Finding a therapist who understands chronic illness

Not all therapists are equally equipped to work with someone living with a progressive neurological condition. A therapist who is effective in this context will not try to talk you out of your grief or push relentless optimism. They will work with you to find meaning within the situation you are actually in, help you maintain the relationships and activities that matter most, and develop genuine coping strategies rather than avoidance.

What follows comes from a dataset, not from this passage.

(* Let $t$ be a closed $\Sigma'$-term, $\phi$ a dAEL sentence over $\Sigma$, $\mathcal B$ a universally consistent (consistent) distributed belief pair, and $J$ a $\Sigma'$-structure. Then $\tau_{\mathit{formula}}(t,\phi)^{\tau_{\mathit{beliefpair}}(\mathcal B),J}=\phi^{\mathcal B,J_t}$.
   Context: Standing setup (dAEL). $\Sigma=\Sigma_o\uplus\Sigma_s$ is a first-order vocabulary (objective and subjective symbols). A nonempty domain $D$ and a $\Sigma_o$-structure $I_o$ with domain $D$ are fixed, as is a set of agents $\mathcal{A}\subseteq D$. For each $A\in\mathcal{A}$ there is a constant $A\in\Sigma_o$ with $A^{I_o}=A$, and $\Sigma_o$ contains a unary predicate $\mathrm{Apred}$ with $\mathrm{Apred}^{I_o}=\mathcal{A}$. "Structure" means a $\Sigma$-structure with domain $D$ that agrees with $I_o$ on $\Sigma_o$. Formulas of dAEL are built from atoms $P(\bar t)$ ($P\in\Sigma$ or equality) using $\wedge,\neg,\forall x$, and the modal rule: if $\varphi$ is a formula and $t$ a term then $K_t\varphi$ is a formula. Truth values are $\mathbf t,\mathbf f,\mathbf u$ with truth order $\mathbf f<_t\mathbf u<_t\mathbf t$; $\mathbf t^{-1}=\mathbf f$, $\mathbf f^{-1}=\mathbf t$, $\mathbf u^{-1}=\mathbf u$. A possible world structure (PWS) is a set of structures. A distributed possible world structure (DPWS) is a family $\mathcal Q=(\mathcal Q_A)_{A\in\mathcal A}$ of PWSs. A distributed belief pair (DBP) is a pair $\mathcal B=(\mathcal B^c,\mathcal B^l)$ of DPWSs, consistent if $\mathcal B^l_A\subseteq\mathcal B^c_A$ for all $A$. A DPWS $\mathcal Q$ is universally consistent if $\mathcal Q_A\ne\emptyset$ for all $A$; a DBP $\mathcal B$ is universally consistent if $\mathcal B^l$ is. Three-valued value $\varphi^{\mathcal B,I,a}$: atoms get their two-valued value in $I$; $\neg$ by ${}^{-1}$, $\wedge$ and $\forall$ by $\le_t$-glb (Kleene); $(K_t\varphi)^{\mathcal B,I,a}$ is $\mathbf t$ if $t^{I,a}\in\mathcal A$ and $\varphi^{\mathcal B,J,a}=\mathbf t$ for all $J\in\mathcal B^c_{t^{I,a}}$; $\mathbf f$ if $t^{I,a}\notin\mathcal A$ or $\varphi^{\mathcal B,J,a}=\mathbf f$ for some $J\in\mathcal B^l_{t^{I,a}}$; $\mathbf u$ otherwise; for sentences the assignment is omitted. Translation to AEL. $\Sigma'$ consists of all symbols of $\Sigma_o$ and all symbols of $\Sigma_s$ with arity increased by one. A fixed element $\delta\in D$ is chosen. A $\Sigma'$-structure always has domain $D$, agrees with $I_o$ on $\Sigma_o$, and is normal: for every $f\in\Sigma_s$, $f^J(\bar d,d)=\delta$ whenever $d\notin\mathcal A$, and for every relation $R\in\Sigma_s$, $(\bar d,d)\notin R^J$ whenever $d\notin\mathcal A$. AEL formulas over $\Sigma'$ are built like dAEL formulas but with a single unindexed modal operator $K$; an AEL belief pair is a pair $(P,S)$ of sets of $\Sigma'$-structures, and the three-valued AEL value is defined like the dAEL one except that $(K\varphi)^{(P,S),J,a}$ is $\mathbf t$ if $\varphi$ has value $\mathbf t$ at all $J'\in P$, $\mathbf f$ if it has value $\mathbf f$ at some $J'\in S$, and $\mathbf u$ otherwise. For a $\Sigma$-term $t$ and $\Sigma'$-term $s$, $t_s$ is defined by $x_s=x$ for variables, $f(t_1,\dots,t_n)_s=f((t_1)_s,\dots,(t_n)_s,s)$ for $f\in\Sigma_s$, $f(t_1,\dots,t_n)_s=f((t_1)_s,\dots,(t_n)_s)$ for $f\in\Sigma_o$. $\tau_{\mathit{formula}}(s,\cdot)$: $P(t_1,\dots,t_n)\mapsto P((t_1)_s,\dots,(t_n)_s,s)$ if $P\in\Sigma_s$, $P((t_1)_s,\dots,(t_n)_s)$ if $P\in\Sigma_o$ or equality; commutes with $\neg,\wedge,\forall x$; $\tau_{\mathit{formula}}(s,K_t\phi)=\exists x(x=t_s\wedge\mathrm{Apred}(x)\wedge K\,\tau_{\mathit{formula}}(x,\phi))$ for a fresh variable $x$. For a family $(I_A)_{A\in\mathcal A}$ of structures, $\tau_{\mathit{structure}}((I_A)_A)$ is the $\Sigma'$-structure interpreting $\Sigma_o$ as $I_o$, each $f\in\Sigma_s$ by $f(\bar d,d)=f^{I_d}(\bar d)$ if $d\in\mathcal A$ and $\delta$ otherwise, and each relation $R\in\Sigma_s$ by $(\bar d,d)\in R$ iff $d\in\mathcal A$ and $\bar d\in R^{I_d}$. $\tau_{\mathit{pws}}(\mathcal Q)=\{\tau_{\mathit{structure}}((I_A)_A): I_A\in\mathcal Q_A\text{ for all }A\in\mathcal A\}$, and $\tau_{\mathit{beliefpair}}(\mathcal B)=(\tau_{\mathit{pws}}(\mathcal B^c),\tau_{\mathit{pws}}(\mathcal B^l))$. For a $\Sigma'$-structure $J$ and a closed $\Sigma'$-term $t$, $J_t$ is the $\Sigma$-structure with domain $D$ that interprets $\Sigma_o$ as $J$ does and each $s\in\Sigma_s$ by $s^{J_t}(d_1,\dots,d_n)=s^J(d_1,\dots,d_n,t^J)$ (for relation symbols: $\bar d\in s^{J_t}$ iff $(\bar d,t^J)\in s^J$). *)

theory Defs
  imports Main
begin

Your neurologist or multidisciplinary team social worker may be able to refer you to someone with relevant experience. ALS and MND organizations sometimes maintain directories of therapists familiar with motor neuron disease. Online therapy has become an important option for people with mobility limitations who would find travel to appointments difficult — the Frontiers in Psychiatry research (2023) found that digital mental health interventions were acceptable and potentially beneficial for people with motor neuron disease.